2. THE SHOOTING AND THE DEFENDANT’S STATEMENTS

On the evening of June 28, 1990, Postal Police Officer Kenneth Ashworth heard shots coming from Johnson Street outside the main post office in downtown Brooklyn. When he arrived at the scene, he saw the defendant, who was in uniform, and recognized him as a colleague in the Postal Police Service. He also saw a man lying on the street.

Because Ashworth had heard shots he had drawn his own gun, but he did not point it at the defendant. He asked the defendant what had happened. The defendant said that the man (later identified as Robert Brown) had tried to take the [169]*169woman’s purse and had grabbed the defendant, reached behind his back, and threatened to kill the defendant.

Ashworth asked the defendant whether he had shot the man, and the defendant said yes. The defendant was dazed, apparently from the effect of shooting someone while on duty.

At about the same time, Postal Inspector Biegelman came upon the scene. He too recognized the defendant as a colleague.

He asked the defendant what had happened. The defendant answered, "I shot him.” Biegelman asked, "Why?” The defendant’s answer was similar to that given Ashworth.

Biegelman asked whether the man had a weapon; the defendant stared at Biegelman as if in shock and did not answer the question.1

Inspector Biegelman saw that there was no weapon near the body of Robert Brown, and that the woman had left the scene. He and Officer Ashworth ran after her and caught up with her. She identified herself as Michelle Green and confirmed the defendant’s statements about what had happened.

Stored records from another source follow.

lemma energy_eq: "energy \<epsilon> L E1 N1 v1 q1 = energy \<epsilon> L E0 N0 v0 q0"
proof -
  have "energy \<epsilon> L E1 N1 v1 q1 - energy \<epsilon> L E0 N0 v0 q0
      = ((ipc L (lap E1) E1 - ipc L (lap E0) E0)
          - of_real (\<epsilon>^2) * (ipc L (lap E1) (lap E1) - ipc L (lap E0) (lap E0)))
        + of_real (- (1/2) * (ipr L N1 N1 - ipr L N0 N0) + \<epsilon>^2/2 * (ipr L (lap N1) N1 - ipr L (lap N0) N0)
          - (ipr L N1 q1 - ipr L N0 q0) + 1/2 * (ipr L (lap v1) v1 - ipr L (lap v0) v0))"
    unfolding energy_def by (simp add: algebra_simps)
  also have "\<dots> = 0"
    unfolding energy_E_terms_increment energy_NVq_terms_increment by simp
  finally show ?thesis by simp
qed

end

theorem theorem3p1:
  fixes L :: "real^'d" and \<epsilon> \<tau> :: real and s :: nat
    and a :: "nat \<Rightarrow> nat \<Rightarrow> real" and b :: "nat \<Rightarrow> real"
    and E :: "nat \<Rightarrow> real^'d \<Rightarrow> complex"
    and N v q :: "nat \<Rightarrow> real^'d \<Rightarrow> real"
    and EE :: "nat \<Rightarrow> nat \<Rightarrow> real^'d \<Rightarrow> complex"
    and NN VV QQ :: "nat \<Rightarrow> nat \<Rightarrow> real^'d \<Rightarrow> real"
  assumes dim: "CARD('d) \<le> 2"
    and L_pos: "\<forall>k. L$k > 0"
    and eps: "\<epsilon> > 0" and tau: "\<tau> > 0"
    and sympl: "\<forall>i\<in>{1..s}. \<forall>j\<in>{1..s}. b i * a i j + b j * a j i = b i * b j"
    and reg: "\<forall>n. admissible L (E n) \<and> admissible L (N n) \<and> admissible L (v n) \<and> admissible L (q n)"
    and reg_stage: "\<forall>n. \<forall>i\<in>{1..s}. admissible L (EE n i) \<and> admissible L (NN n i)
                        \<and> admissible L (VV n i) \<and> admissible L (QQ n i)"
    and stage_E: "\<forall>n. \<forall>i\<in>{1..s}. EE n i = (\<lambda>x. E n x + complex_of_real \<tau> *
                     (\<Sum>j=1..s. complex_of_real (a i j) * K1 \<epsilon> (EE n j) (NN n j) x))"
    and stage_N: "\<forall>n. \<forall>i\<in>{1..s}. NN n i = (\<lambda>x. N n x + \<tau> * (\<Sum>j=1..s. a i j * K2 (VV n j) x))"
    and stage_v: "\<forall>n. \<forall>i\<in>{1..s}. VV n i = (\<lambda>x. v n x + \<tau> * (\<Sum>j=1..s. a i j * K3 \<epsilon> (NN n j) (QQ n j) x))"
    and stage_q: "\<forall>n. \<forall>i\<in>{1..s}. QQ n i = (\<lambda>x. q n x + \<tau> * (\<Sum>j=1..s. a i j * K4 \<epsilon> (EE n j) (NN n j) x))"
    and upd_E: "\<forall>n. E (Suc n) = (\<lambda>x. E n x + complex_of_real \<tau> *
                     (\<Sum>i=1..s. complex_of_real (b i) * K1 \<epsilon> (EE n i) (NN n i) x))"
    and upd_N: "\<forall>n. N (Suc n) = (\<lambda>x. N n x + \<tau> * (\<Sum>i=1..s. b i * K2 (VV n i) x))"
    and upd_v: "\<forall>n. v (Suc n) = (\<lambda>x. v n x + \<tau> * (\<Sum>i=1..s. b i * K3 \<epsilon> (NN n i) (QQ n i) x))"
    and upd_q: "\<forall>n. q (Suc n) = (\<lambda>x. q n x + \<tau> * (\<Sum>i=1..s. b i * K4 \<epsilon> (EE n i) (NN n i) x))"
    and init: "q 0 = (\<lambda>x. (cmod (E 0 x))^2)"
  shows "\<forall>n. mass L (E (Suc n)) = mass L (E n)
            \<and> (\<lambda>x. q n x - (cmod (E n x))^2) = (\<lambda>x. 0)
            \<and> energy \<epsilon> L (E (Suc n)) (N (Suc n)) (v (Suc n)) (q (Suc n))
              = energy \<epsilon> L (E n) (N n) (v n) (q n)"
proof -
  have step: "rk_step L \<epsilon> \<tau> s a b (E n) (E (Suc n)) (N n) (N (Suc n)) (v n) (v (Suc n)) (q n) (q (Suc n))
      (EE n) (NN n) (VV n) (QQ n)" for n
    unfolding rk_step_def
    using L_pos sympl reg reg_stage stage_E stage_N stage_v stage_q upd_E upd_N upd_v upd_q by blast
  have "(\<lambda>x. q n x - (cmod (E n x))^2) = (\<lambda>x. 0)" for n
  proof (induction n)
    case 0
    show ?case using init by simp
  next
    case (Suc n)
    then show ?case using rk_step.q_minus_abs_sq_eq[OF step] by (simp add: fun_eq_iff)
  qed
  then show ?thesis
    using rk_step.mass_eq[OF step] rk_step.energy_eq[OF step] by blast
qed

end
text \<open>Each vertex outside the first row is preceded by the vertex of the first row in its column.\<close>
lemma other_row_le_first_row:
  assumes l: "l \<le> 2 * CARD('m)"
  shows "card {i. i < l \<and> row_of (p i) \<noteq> row_of (p 0)} \<le> card {i. i < l \<and> row_of (p i) = row_of (p 0)}"
proof -
  define r where "r = row_of (p 0)"
  define h where "h j = (SOME i. i < 2 * CARD('m) \<and> p i = vtx r (col_of (p j)))" for j
  have "\<exists>i. i < 2 * CARD('m) \<and> p i = vtx r (col_of (p j))" for j
    by (rule p_onto[of r "col_of (p j)"]) blast
  then have "h j < 2 * CARD('m) \<and> p (h j) = vtx r (col_of (p j))" for j
    unfolding h_def by (rule someI_ex)
  then have hp: "h j < 2 * CARD('m)" "p (h j) = vtx r (col_of (p j))" for j
    by auto
  have h_less: "h j < j" if "j < 2 * CARD('m)" "row_of (p j) \<noteq> r" for j
  proof -
    have "c \<bullet> p j = fst c $ row_of (p j) + snd c $ col_of (p j)" using inner_p that by simp
    also have "\<dots> < c \<bullet> p (h j)"
      using first_row_max[of "row_of (p j)"] that hp unfolding r_def by (simp add: inner_vtx)
    finally show ?thesis using p_dec_iff[OF hp(1) that(1)] by simp
  qed
  have "inj_on h {i. i < l \<and> row_of (p i) \<noteq> r}"
  proof (rule inj_onI)
    fix j j' assume jj: "j \<in> {i. i < l \<and> row_of (p i) \<noteq> r}" "j' \<in> {i. i < l \<and> row_of (p i) \<noteq> r}" "h j = h j'"
    then have "col_of (p j) = col_of (p j')" using hp[of j] hp[of j'] by simp
    moreover have "row_of (p j) = row_of (p j')" using jj eq_if_neq_same_2 by auto
    moreover have "j < 2 * CARD('m)" "j' < 2 * CARD('m)" using jj l by auto
    ultimately show "j = j'" using eq_if_row_col_eq by blast
  qed
  moreover have "h ` {i. i < l \<and> row_of (p i) \<noteq> r} \<subseteq> {i. i < l \<and> row_of (p i) = r}"
  proof (intro image_subsetI CollectI conjI)
    fix j assume j: "j \<in> {i. i < l \<and> row_of (p i) \<noteq> r}"
    show "h j < l" using h_less[of j] j l by force
    show "row_of (p (h j)) = r" using hp by simp
  qed
  ultimately show ?thesis unfolding r_def by (intro card_inj_on_le) auto
qed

On-the-spot examination of the defendant’s service firearm showed that it contained six spent shells.

Biegelman found two civilian witnesses who said that they had seen the shooting.

Because the defendant was in mental trauma from the shooting he was put in an ambulance to go to Long Island College Hospital.

3. THE SEARCH OF THE LOCKER

About one hour after the incident on the street, and while the defendant was at Long Island College Hospital, Postal Inspector Biegelman, in the company of other postal inspectors, broke open the defendant’s locked employee’s locker in the employees’ section of the main post office. In the defendant’s locker were three photographs of Michelle Greene, a letter addressed to her, a prescription container bearing her name, and her own Postal Service identification card.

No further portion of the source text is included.